Start of INPUT FOR THIS TASK

lemma uniform_zero_divisor_smult_neq:
  assumes uni: "uniform_module R M" and j: "j \<in> zero_divisors_on R M"
    and m: "m \<in> carrier M" "m \<noteq> \<zero>\<^bsub>M\<^esub>"
  shows "j \<odot>\<^bsub>M\<^esub> m \<noteq> m"
proof
  assume fix_m: "j \<odot>\<^bsub>M\<^esub> m = m"
  let ?Rm = "{r \<odot>\<^bsub>M\<^esub> m | r. r \<in> carrier R}"
  have jc: "j \<in> carrier R" and ann_j: "submodule (ann_M R M {j}) R M" "ann_M R M {j} \<noteq> {\<zero>\<^bsub>M\<^esub>}"
    using j submodule_ann_M[of "{j}"] unfolding zero_divisors_on_def by auto
  have Rm: "submodule ?Rm R M" using submodule_ideal_smult[OF oneideal m(1)] .
  moreover have "m \<in> ?Rm"
    using smult_one[OF m(1)] R.one_closed by force
  then have "?Rm \<noteq> {\<zero>\<^bsub>M\<^esub>}" using m(2) by blast
  ultimately have "ann_M R M {j} \<inter> ?Rm \<noteq> {\<zero>\<^bsub>M\<^esub>}"
    using uni ann_j unfolding uniform_module_def by blast
  then obtain y where "y \<in> ann_M R M {j} \<inter> ?Rm" "y \<noteq> \<zero>\<^bsub>M\<^esub>"
    using submodule_nonzero_elem[OF submodule_Int[OF ann_j(1) Rm]] by blast
  then obtain r where r: "r \<in> carrier R" "j \<odot>\<^bsub>M\<^esub> (r \<odot>\<^bsub>M\<^esub> m) = \<zero>\<^bsub>M\<^esub>" "r \<odot>\<^bsub>M\<^esub> m \<noteq> \<zero>\<^bsub>M\<^esub>"
    unfolding ann_M_singleton by blast
  have "j \<odot>\<^bsub>M\<^esub> (r \<odot>\<^bsub>M\<^esub> m) = r \<odot>\<^bsub>M\<^esub> m"
    using smult_commute[OF jc r(1) m(1)] fix_m by simp
  with r show False by simp
qed

lemma ann_M_zero_divisors_on_nonzero:
  assumes nz: "carrier M \<noteq> {\<zero>\<^bsub>M\<^esub>}" and comult: "comultiplication_module R M"
    and uni: "uniform_module R M"
  shows "ann_M R M (zero_divisors_on R M) \<noteq> {\<zero>\<^bsub>M\<^esub>}"
proof
  let ?J = "zero_divisors_on R M"
  assume S0: "ann_M R M ?J = {\<zero>\<^bsub>M\<^esub>}"
  obtain m where m: "m \<in> carrier M" "m \<noteq> \<zero>\<^bsub>M\<^esub>"
    using nz submodule_zero_closed[OF carrier_is_submodule] by blast
  have J: "ideal ?J R" using zero_divisors_on_ideal[OF nz uni] .
  obtain I where I: "ideal I R" "{j \<odot>\<^bsub>M\<^esub> m | j. j \<in> ?J} = ann_M R M I"
    using comult submodule_ideal_smult[OF J m(1)] unfolding comultiplication_module_def by blast
  have "i \<odot>\<^bsub>M\<^esub> m = \<zero>\<^bsub>M\<^esub>" if i: "i \<in> I" for i
  proof -
    have ic: "i \<in> carrier R" using ideal.Icarr[OF I(1) i] .
    have "j \<odot>\<^bsub>M\<^esub> (i \<odot>\<^bsub>M\<^esub> m) = \<zero>\<^bsub>M\<^esub>" if j: "j \<in> ?J" for j
    proof -
      have "j \<odot>\<^bsub>M\<^esub> m \<in> ann_M R M I" using I(2) j by blast
      then have "i \<odot>\<^bsub>M\<^esub> (j \<odot>\<^bsub>M\<^esub> m) = \<zero>\<^bsub>M\<^esub>" using i unfolding ann_M_def by blast
      then show ?thesis using smult_commute ic j m(1) unfolding zero_divisors_on_def by auto
    qed
    then have "i \<odot>\<^bsub>M\<^esub> m \<in> ann_M R M ?J" unfolding ann_M_def using ic m(1) by blast
    then show ?thesis using S0 by blast
  qed
  then have "m \<in> ann_M R M I" unfolding ann_M_def using m(1) by blast
  then have "m \<in> {j \<odot>\<^bsub>M\<^esub> m | j. j \<in> ?J}" using I(2) by simp
  then obtain j where "j \<in> ?J" "m = j \<odot>\<^bsub>M\<^esub> m" by blast
  then show False using uniform_zero_divisor_smult_neq[OF uni _ m] by metis
qed

lemma uniform_comultiplication_imp_cocyclic:
  assumes nz: "carrier M \<noteq> {\<zero>\<^bsub>M\<^esub>}" and comult: "comultiplication_module R M"
    and uni: "uniform_module R M"
  shows "cocyclic R M"
proof (rule cocyclicI_least_nonzero_submodule)
  show "submodule (ann_M R M (zero_divisors_on R M)) R M"
    by (rule submodule_ann_M) (auto simp: zero_divisors_on_def)
qed (use ann_M_zero_divisors_on_nonzero[OF nz comult uni] ann_M_zero_divisors_on_le[OF comult] in auto)

end

theorem proposition2p4:
  fixes R :: "('a, 'c) ring_scheme" and M :: "('a, 'b, 'd) module_scheme"
  assumes "module R M"
    and "carrier M \<noteq> {\<zero>\<^bsub>M\<^esub>}"
    and "comultiplication_module R M"
  shows "lsg_null R M \<longleftrightarrow> cocyclic R M"
proof -
  interpret module R M by fact
  have "lsg_null R M \<longleftrightarrow> uniform_module R M" by (rule lsg_null_iff_uniform)
  also have "\<dots> \<longleftrightarrow> cocyclic R M"
    using cocyclic_imp_uniform uniform_comultiplication_imp_cocyclic[OF assms(2,3)] by blast
  finally show ?thesis .
qed

end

End of INPUT FOR THIS TASK

PROBLEM DETAILS:
Verbatim output is expected for the lines from the start of the data to the line in which "using uni ann_j" appears, both included.

THE COMPLETED TASK:
lemma uniform_zero_divisor_smult_neq:
  assumes uni: "uniform_module R M" and j: "j \<in> zero_divisors_on R M"
    and m: "m \<in> carrier M" "m \<noteq> \<zero>\<^bsub>M\<^esub>"
  shows "j \<odot>\<^bsub>M\<^esub> m \<noteq> m"
proof
  assume fix_m: "j \<odot>\<^bsub>M\<^esub> m = m"
  let ?Rm = "{r \<odot>\<^bsub>M\<^esub> m | r. r \<in> carrier R}"
  have jc: "j \<in> carrier R" and ann_j: "submodule (ann_M R M {j}) R M" "ann_M R M {j} \<noteq> {\<zero>\<^bsub>M\<^esub>}"
    using j submodule_ann_M[of "{j}"] unfolding zero_divisors_on_def by auto
  have Rm: "submodule ?Rm R M" using submodule_ideal_smult[OF oneideal m(1)] .
  moreover have "m \<in> ?Rm"
    using smult_one[OF m(1)] R.one_closed by force
  then have "?Rm \<noteq> {\<zero>\<^bsub>M\<^esub>}" using m(2) by blast
  ultimately have "ann_M R M {j} \<inter> ?Rm \<noteq> {\<zero>\<^bsub>M\<^esub>}"
    using uni ann_j unfolding uniform_module_def by blast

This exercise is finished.